Now we did say that the iSmart borrows its cycle parts from the regular Splendor, and it does, but there are a few differences. For starters, it has a longer swingarm and with it, the wheelbase is slightly longer. It also uses grippier, tubeless tyres from MRF. But, the likeable change is the use of foldable, alloy rider footrests, and bar-end weights. In terms of styling and features, the two-tone paint job is new, as are the split grab rails at the rear. The iSmart also gets colourful switchgear. The instrumentation meanwhile, though not digital, does get a trip meter and side stand indication.
The Hero Splendor iSmart might use the same 97.2cc engine that has been in service for decades now, but it makes slightly more power in the Splendor iSmart. The power output is a claimed 7.8PS. The torque rating is slightly higher too. But, in the real world, it's near impossible to tell the difference. What we can tell you is that the iSmart might not be very quick, but it is a refined motorcycle. And even if you sit at its top speed (which is easy to do), all you can feel are mild vibrations and hear the slightly stressed engine over the wind noise. But nothing that will leave you buzzing or bugged even after a few hours of riding. The gearbox is a four-speed unit like on other Splendors and the gear shift quality is crisp and precise.
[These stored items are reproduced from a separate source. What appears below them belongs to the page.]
lemma schauder_midpoint:
  assumes "n < m"
  shows "schauder n i ((real j + 1/2) / 2^m) = (schauder n i (real j / 2^m) + schauder n i ((real j + 1) / 2^m)) / 2"
proof -
  \<comment> \<open>The rescaled points are q/(2e), (q+1)/(2e) and their midpoint; all lie in
    the half-integer interval [k/2, (k+1)/2] on which sigma00 is affine.\<close>
  define e :: int where "e = 2 ^ (m - n - 1)"
  define q :: int where "q = int j - int i * 2 * e"
  define k where "k = q div e"
  define s where "s = of_int q / (2 * real_of_int e)"
  define t where "t = (of_int q + 1) / (2 * real_of_int e)"
  have e: "0 < e" by (simp add: e_def)
  have "e * k + q mod e = q" unfolding k_def by (rule mult_div_mod_eq)
  then have "k * e \<le> q" "q + 1 \<le> (k + 1) * e"
    using pos_mod_bound[OF e, of q] pos_mod_sign[OF e, of q] by (simp_all add: algebra_simps)
  then have "real_of_int k * of_int e \<le> of_int q" "of_int q + 1 \<le> (real_of_int k + 1) * of_int e"
    by (metis of_int_le_iff of_int_mult, metis of_int_1 of_int_add of_int_le_iff of_int_mult)
  then have "real_of_int k / 2 \<le> s" "t \<le> (real_of_int k + 1) / 2" "s \<le> t"
    using e by (simp_all add: s_def t_def field_simps)
  then have mid: "sigma00 ((s + t) / 2) = (sigma00 s + sigma00 t) / 2"
    by (intro sigma00_midpoint[of k]) linarith+
  have pw: "(2::real) ^ m = 2 ^ n * (2 * of_int e)"
    using assms by (simp add: e_def power_add[symmetric] power_Suc[symmetric] del: power_Suc)
  have "2 ^ n * (real j / 2^m) - real i = s"
    "2 ^ n * ((real j + 1) / 2^m) - real i = t"
    "2 ^ n * ((real j + 1/2) / 2^m) - real i = (s + t) / 2"
    using e unfolding pw q_def s_def t_def by (simp_all add: field_simps)
  then show ?thesis
    unfolding schauder_def by (simp only: mid)
qed

lemma schauder_level_midpoint:
  "n < m \<Longrightarrow> schauder_level n ((real j + 1/2) / 2^m)
     = (schauder_level n (real j / 2^m) + schauder_level n ((real j + 1) / 2^m)) / 2"
  unfolding schauder_level_def by (simp only: schauder_midpoint sum_divide_distrib[symmetric] sum.distrib)

lemma schauder_level_eq_0_if_Ints: "2 ^ m * x \<in> \<int> \<Longrightarrow> schauder_level m x = 0"
  unfolding schauder_level_def by (simp add: schauder_eq_0_if_Ints)

lemma schauder_level_peak:
  assumes "j < 2^m"
  shows "schauder_level m ((real j + 1/2) / 2^m) = 1"
proof -
  have "schauder m i ((real j + 1/2) / 2^m) = (if i = j then 1 else 0)" for i
  proof -
    have "2 ^ m * ((real j + 1/2) / 2^m) - real i = of_int (int j - int i) + 1/2" by simp
    then show ?thesis unfolding schauder_def by (simp only: sigma00_half_integer) auto
  qed
  then show ?thesis using assms by (simp add: schauder_level_def)
qed

lemma fS_second_difference:
  assumes "j < 2^m"
  shows "fS ((real j + 1/2) / 2^m) - (fS (real j / 2^m) + fS ((real j + 1) / 2^m)) / 2
    = 1 / (real m + 1)^2"
proof -
  define w :: "nat \<Rightarrow> real" where "w n = 1 / (real n + 1)^2" for n
  define a where "a = real j / 2^m"
  define b where "b = (real j + 1) / 2^m"
  define c where "c = (real j + 1/2) / 2^m"
  have ints: "2 ^ Suc m * a \<in> \<int>" "2 ^ Suc m * c \<in> \<int>" "2 ^ Suc m * b \<in> \<int>"
    "2 ^ m * a \<in> \<int>" "2 ^ m * b \<in> \<int>"
  proof -
    have "2 ^ Suc m * a = of_nat (2 * j)" "2 ^ Suc m * c = of_nat (2 * j + 1)"
      "2 ^ Suc m * b = of_nat (2 * j + 2)" "2 ^ m * a = of_nat j" "2 ^ m * b = of_nat (j + 1)"
      by (simp_all add: a_def b_def c_def field_simps)
    then show "2 ^ Suc m * a \<in> \<int>" "2 ^ Suc m * c \<in> \<int>" "2 ^ Suc m * b \<in> \<int>"
      "2 ^ m * a \<in> \<int>" "2 ^ m * b \<in> \<int>" by (simp_all only: Ints_of_nat)
  qed
  let ?defect = "\<lambda>n. schauder_level n c - (schauder_level n a + schauder_level n b) / 2"
  have "fS c - (fS a + fS b) / 2 = (\<Sum>n<Suc m. w n * ?defect n)"
    unfolding fS_dyadic[OF ints(1)] fS_dyadic[OF ints(2)] fS_dyadic[OF ints(3)] w_def[symmetric]
    by (simp add: sum_subtractf sum.distrib right_diff_distrib distrib_left
        flip: sum_divide_distrib del: sum.lessThan_Suc)
  also have "\<dots> = w m * ?defect m"
    by (simp add: a_def b_def c_def schauder_level_midpoint)
  also have "\<dots> = w m"
    using assms by (simp add: c_def schauder_level_peak schauder_level_eq_0_if_Ints ints)
  finally show ?thesis by (simp add: a_def b_def c_def w_def)
qed

lemma second_difference_far_point:
  fixes g :: "real \<Rightarrow> real"
  assumes "g c - (g a + g b) / 2 = d"
  shows "\<exists>y\<in>{a, b, c}. d / 2 \<le> \<bar>g y - g x\<bar>"
proof (rule ccontr)
  assume "\<not> ?thesis"
  then have "\<bar>g a - g x\<bar> < d / 2" "\<bar>g b - g x\<bar> < d / 2" "\<bar>g c - g x\<bar> < d / 2" by auto
  with assms show False by argo
qed

lemma dyadic_cell_in_interval:
  assumes "0 \<le> u" "u + 2 / 2^m \<le> 1"
  obtains j :: nat where "j < 2^m" "u \<le> real j / 2^m" "(real j + 1) / 2^m \<le> u + 2 / 2^m"
proof
  define j where "j = nat \<lceil>u * 2^m\<rceil>"
  have "real j = of_int \<lceil>u * 2^m\<rceil>"
    unfolding j_def using assms(1) by simp
  then have j: "u * 2^m \<le> real j" "real j + 1 < u * 2^m + 2"
    using ceiling_correct[of "u * 2^m"] by linarith+
  moreover have "u * 2^m + 2 \<le> 2^m"
    using assms(2) by (simp add: field_simps)
  ultimately have "real j < 2^m" by linarith
  then show "j < 2^m"
    by (metis of_nat_less_iff of_nat_numeral of_nat_power)
  show "u \<le> real j / 2^m"
    using j by (simp add: field_simps)
  have "(real j + 1) / 2^m \<le> (u * 2^m + 2) / 2^m"
    using j by (intro divide_right_mono) auto
  then show "(real j + 1) / 2^m \<le> u + 2 / 2^m"
    by (simp add: add_divide_distrib)
qed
The Hero Splendor iSmart costs Rs 47,250 ex-showroom in Delhi. It is more expensive than the likes of the Honda Dream series and the Bajaj Discover 100M. Given how price sensitive the entry-level motorcycle class is in the country, the higher price does put the Splendor iSmart at a disadvantage of sorts. But, consider the extra features, the fuel saving tech and the feel-good elements like a nice paint job, alloy footrests, bar-end weights, and split grab rails, and the iSmart looks like a good deal. Its proven mechanicals and Hero's huge after sales network only sweetens the deal.